Come cambia Airbnb con la pandemia? Qual è il futuro della sharing economy? O meglio, cosa resterà degli affitti brevi nelle case, come formula di ospitalità che anche il business travel ha adottato con una certa soddisfazione, come abbiamo già avuto modo di raccontarvi? Lo abbiamo chiesto a Giacomo Trovato, che dal settembre 2019 è il country manager per Italia e Sud Est Europa di Airbnb. Viene da Amazon, è laureato in economia politica alla Bocconi di Milano e ha conseguito un Mba alla Sloan school of management del Mit di Boston.

Come cambia Airbnb: affitti più lunghi, così il mercato chiede

La piattaforma online di alloggi si concentrerà sugli affitti di lunga durata: lo smart working “forzato”, e in certi casi molto gradito, muta il modo di usufruire del tempo libero e delle modalità di lavoro. Dalle interrogazioni degli utenti, la società americana ha preso spunto per invitare gli host a offrire disponibilità prolungate.

Un cambio di business model a tutti gli effetti? «Non propriamente – risponde Trovato -. Come tutto il turismo, siamo stati investiti dalla tempesta della pandemia e non siamo stati fermi ad aspettare che passasse. Abbiamo studiato i nuovi trend per cavalcarli. Quindi, abbiamo osservato che, durante i lockdown, sono aumentati gli utilizzi non tradizionalmente turistici delle case».

Cosa è accaduto nelle case su Airbnb?

«Già in partenza, la domanda di clienti business travel nelle case era legata a progetti di professionisti che preferiscono comfort per un mese o più in un ambiente casalingo. Dunque, avere una cucina, mantenere l’appartamento nel weekend per la famiglia che si unisce, per fare degli esempi. Questa commistione tra le finalità professionale e leisure è sempre esistita. Anche perché un costo inferiore rispetto a un hotel è un plus. Con la pandemia, il trend si è accentuato».

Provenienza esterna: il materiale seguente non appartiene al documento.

lemma incompatibility_witness_states:
  fixes A :: "nat \<Rightarrow> 'o \<Rightarrow> complex^'d^'d"
  assumes obs: "\<forall>j<n. is_observable (A j) (Om j)" and incomp: "\<not> compatible n Om A"
  obtains S0 where "S0 \<subseteq> density_ops" "finite S0" "\<not> S0_compatible S0 n Om A"
    "int (card S0) \<le> (\<Sum>j<n. int (card (Om j))) - int n + 1"
proof -
  obtain h where herm: "\<And>j x. j < n \<Longrightarrow> x \<in> Om j \<Longrightarrow> hermitian (h j x)"
    and sep: "\<And>B. compatible n Om B \<Longrightarrow> tuple_inner n Om h B < tuple_inner n Om h A"
    using incompatible_separation[OF obs incomp] by blast
  have fin: "finite (Om j)" if "j < n" for j
    using obs that by (simp add: is_observable_def)
  define x0 where "x0 j = (SOME x. x \<in> Om j)" for j
  have x0: "x0 j \<in> Om j" if "j < n" for j
    using obs that observable_outcomes_nonempty[of "A j" "Om j"] unfolding x0_def
    by (simp add: some_in_eq)
  define C where "C j = h j (x0 j)" for j
  define D where "D = (\<lambda>(j, x). h j x - C j)"
  define I where "I = Sigma {..<n} (\<lambda>j. Om j - {x0 j})"
  have "finite I"
    unfolding I_def using fin by (intro finite_SigmaI) auto
  moreover have "hermitian (D i)" if "i \<in> I" for i
    using that x0 herm unfolding I_def D_def C_def by (auto intro: hermitian_diff)
  ultimately obtain S0 where S0: "S0 \<subseteq> density_ops" "finite S0" "card S0 \<le> card I + 1"
    and determining: "\<forall>X Y. (\<forall>\<rho>\<in>S0. trace (\<rho> ** X) = trace (\<rho> ** Y)) \<longrightarrow>
       (\<forall>i\<in>I. trace (D i ** X) = trace (D i ** Y))"
    by (rule exists_density_ops_determining) blast
  have determined: "trace ((h j x - C j) ** X) = trace ((h j x - C j) ** Y)"
    if "j < n" "x \<in> Om j" "\<forall>\<rho>\<in>S0. trace (\<rho> ** X) = trace (\<rho> ** Y)" for j x X Y
  proof (cases "x = x0 j")
    case True
    then show ?thesis
      by (simp add: C_def)
  next
    case False
    then have "(j, x) \<in> I"
      using that unfolding I_def by simp
    then have "trace (D (j, x) ** X) = trace (D (j, x) ** Y)"
      using determining that(3) by blast
    then show ?thesis
      by (simp add: D_def)
  qed
  have "\<not> S0_compatible S0 n Om A"
    by (rule not_S0_compatible_if_separated[OF obs sep determined])
  moreover have "int (card S0) \<le> (\<Sum>j<n. int (card (Om j))) - int n + 1"
    using S0(3) card_Sigma_remove_one[of n Om x0, OF fin x0] unfolding I_def by linarith
  ultimately show ?thesis
    using S0 that by blast
qed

Una tendenza guidata da cosa?

«Dallo smart working forzato. Con l’ufficio chiuso, si è colta l’opportunità di lavorare da una località più piacevole, a contatto con la natura o in una città d’arte. Ma deve essere una casa con giuste dotazioni: spazi per lavoro e wi-fi idonei. Con il tempo del pranzo e della sera che diventano un relax diverso dalla città di sempre».

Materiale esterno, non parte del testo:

text \<open>The difference quotient is the mean of g' along the segment:
  (g y - g x) / (y - x) = integral over t in [0,1] of g'((1 - t) x + t y).
  Differentiating i times in x and j times in y under the integral sign gives
  iMj(x, y) = integral over t in [0,1] of g^(i+j+1)((1 - t) x + t y) (1 - t)^i t^j,
  and the affine substitution t |-> (1 - t) u + t v turns this into the Beta integral.\<close>

definition divdiff_integral :: "(real \<Rightarrow> real) \<Rightarrow> nat \<Rightarrow> nat \<Rightarrow> real \<Rightarrow> real \<Rightarrow> real" where
  "divdiff_integral g i j x y =
     integral {0..1} (\<lambda>t. (deriv ^^ Suc (i + j)) g ((1 - t) * x + t * y) * ((1 - t) ^ i * t ^ j))"

lemma convex_segment_mem:
  fixes I :: "real set"
  assumes "convex I" "x \<in> I" "y \<in> I" "t \<in> {0..1}"
  shows "(1 - t) * x + t * y \<in> I"
  using convexD[OF assms(1-3), of "1 - t" t] assms(4) by simp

Altri trend emersi con la pandemia?

«I soggiorni più lunghi in città, per diverse tipologie di situazioni. La diffusione del Coronavirus ha creato necessità di isolamento, di stare vicini a parenti, ma non nella stessa casa. Inoltre, il nostro programma rivolto a medici-infermieri, lanciato a marzo, ci ha permesso di cogliere esigenze di professionisti sanitari che andavano ad aiutare ospedali in difficoltà».

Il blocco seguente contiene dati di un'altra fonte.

(* Let $\mathcal{A}$ be a complex unital Banach algebra, let $p,q\in\mathcal{A}$ be idempotents, let $m\in\mathbb{N}$, and let $\gamma_1,\lambda_1,\dots,\lambda_m\in\mathbb{C}$ with $\lambda_1\gamma_1\neq0$. Then $$\lambda_1p+\gamma_1q-\lambda_1pq+\lambda_2\big(pqp-(pq)^2\big)+\cdots+\lambda_m\big((pq)^{m-1}p-(pq)^m\big)$$ is Drazin invertible (respectively, g-Drazin invertible) if and only if $$\lambda_1-\lambda_1pq+\lambda_2\big(pqp-(pq)^2\big)+\cdots+\lambda_m\big((pq)^{m-1}p-(pq)^m\big)$$ is Drazin invertible (respectively, g-Drazin invertible).
   Context: $\mathcal{A}$ is a complex unital Banach algebra with unit $1$; an idempotent is an element $e$ with $e^2=e$. An element $a$ is Drazin invertible if there exists $b\in\mathcal{A}$ with $ab=ba$, $bab=b$, and $(a(1-ab))^n=0$ for some $n\in\mathbb{N}$; g-Drazin invertible if there exists $b$ with $ab=ba$, $bab=b$, and $a(1-ab)$ quasinilpotent (spectral radius $0$). The terms $\lambda_k\big((pq)^{k-1}p-(pq)^k\big)$ for $k=2,\dots,m$ appear in the sums (for $m=1$ only the $\lambda_1$ terms appear). *)

theory Defs
  imports "HOL-Analysis.Analysis"
begin

class complex_banach_algebra_1 = real_normed_algebra_1 + banach +
  fixes cscale :: "complex \<Rightarrow> 'a \<Rightarrow> 'a"
  assumes cscale_add_right: "cscale c (x + y) = cscale c x + cscale c y"
    and cscale_add_left: "cscale (c + d) x = cscale c x + cscale d x"
    and cscale_cscale: "cscale c (cscale d x) = cscale (c * d) x"
    and cscale_one: "cscale 1 x = x"
    and cscale_of_real: "cscale (of_real r) x = scaleR r x"
    and norm_cscale: "norm (cscale c x) = cmod c * norm x"
    and cscale_left_commute: "cscale c x * y = cscale c (x * y)"
    and cscale_right_commute: "x * cscale c y = cscale c (x * y)"

definition invertible_elem :: "'a::ring_1 \<Rightarrow> bool" where
  "invertible_elem x \<longleftrightarrow> (\<exists>y. x * y = 1 \<and> y * x = 1)"

definition alg_spectrum :: "'a::complex_banach_algebra_1 \<Rightarrow> complex set" where
  "alg_spectrum a = {\<mu>. \<not> invertible_elem (cscale \<mu> 1 - a)}"

definition alg_spectral_radius :: "'a::complex_banach_algebra_1 \<Rightarrow> real" where
  "alg_spectral_radius a = Sup (cmod ` alg_spectrum a)"

definition quasinilpotent :: "'a::complex_banach_algebra_1 \<Rightarrow> bool" where
  "quasinilpotent a \<longleftrightarrow> alg_spectral_radius a = 0"

definition drazin_invertible :: "'a::ring_1 \<Rightarrow> bool" where
  "drazin_invertible a \<longleftrightarrow>
     (\<exists>b. a * b = b * a \<and> b * a * b = b \<and> (\<exists>n::nat. (a * (1 - a * b)) ^ n = 0))"

definition g_drazin_invertible :: "'a::complex_banach_algebra_1 \<Rightarrow> bool" where
  "g_drazin_invertible a \<longleftrightarrow>
     (\<exists>b. a * b = b * a \<and> b * a * b = b \<and> quasinilpotent (a * (1 - a * b)))"

end

theory Submission
  imports Defs
begin

text \<open>
  Put \<open>W = \<lambda>\<^sub>1(p - pq) + S\<close>. Then \<open>pW = W\<close>, \<open>Wq = 0\<close>, and the two elements are
  \<open>\<gamma>\<^sub>1q + W\<close> and \<open>\<lambda>\<^sub>1(1 - p) + W\<close>. With \<open>a = 1 - W/\<gamma>\<^sub>1\<close> one has
  \<open>\<gamma>\<^sub>1q + W = \<gamma>\<^sub>1(1 - a(1 - q))\<close>; Jacobson's lemma passes to
  \<open>\<gamma>\<^sub>1(1 - (1 - q)a) = \<gamma>\<^sub>1q + (1 - q)W\<close>, where the idempotent \<open>q\<close> is orthogonal to
  \<open>(1 - q)W\<close> and can be dropped. Cline's formula turns \<open>(1 - q)W = (1 - q)pW\<close> into
  \<open>W(1 - q)p = Wp\<close>, and the same steps with \<open>p\<close> in place of \<open>q\<close>, read backwards,
  lead to \<open>\<lambda>\<^sub>1(1 - p) + W\<close>.

  Scaling, Cline's formula, Jacobson's lemma and the removal of an orthogonal idempotent hold for
  Drazin-type invertibility relative to any class \<open>N\<close> of residuals with spectrum in \<open>{0}\<close>
  that is closed under cyclic swaps and nonzero scalars. Nilpotents give Drazin invertibility,
  elements with spectrum in \<open>{0}\<close> give g-Drazin invertibility.
\<close>

lemma cscale_one_mult: "cscale c 1 * x = cscale c x"
  by (simp add: cscale_left_commute)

Così che l’ultimo trimestre 2020 ha visto addirittura un segno un più nelle performance, in un contesto di decrescita forte di tutto l’anno. Che è stato quello della quotazione in Borsa, non va dimenticato.

La quotazione in Borsa di Airbnb a dicembre 2020

Un annuncio che ha stupito gli investitori ad agosto scorso, quando è stata ufficializzata la decisione di lanciare l’Ipo. E dopo che il co-fondatore Brian Chesky aveva detto «viaggiare come lo conoscevamo è finito e non tornerà mai più».

Ma è stata una mossa ottimale: tanti analisti hanno analizzato da quel momento l’azienda, prima e durante la pandemia. Confrontandola con tutto l’ecosistema dell’accomodation, che nel medesimo periodo ha cercato di contrastare il crollo della domanda. Di Airbnb è emersa la “forza” dell’adattamento ad uno scenario in mutazione continua. E la raccolta finanziaria a Wall Street è stata eccellente.

Da 68 dollari di quotazione di partenza, il prezzo è andato a 146 all’apertura delle quotazioni. Gli analisti dicono che sulla base delle prime contrattazioni, la capitalizzazione di mercato è di 101 miliardi di dollari. Più del valore delle tre catene statunitensi Marriott, Hyatt e Hilton insieme. Contro aspettative che la valutavano a meno di 50 miliardi.

Nuove scelte residenziali: lo spazio-ufficio del nomadismo abitativo

Ma torniamo ai trend e al cambiamento delle abitudini di lavoro, di viaggio e persino delle scelte abitative.

«La concezione dello spazio-ufficio in questo 2021 viene messa in forte discussione e nascono nuove scelte riguardo alla casa – continua Trovato -: chi è di altre destinazioni e si era trasferito per frequentare la sede aziendale, ritorna nelle città di origine. Questo interagisce con Airbnb perché quando rientrano nella sede principale di lavoro hanno bisogno di un alloggio di breve termine: vediamo un nomadismo abitativo legato ai cambiamenti del luogo di lavoro».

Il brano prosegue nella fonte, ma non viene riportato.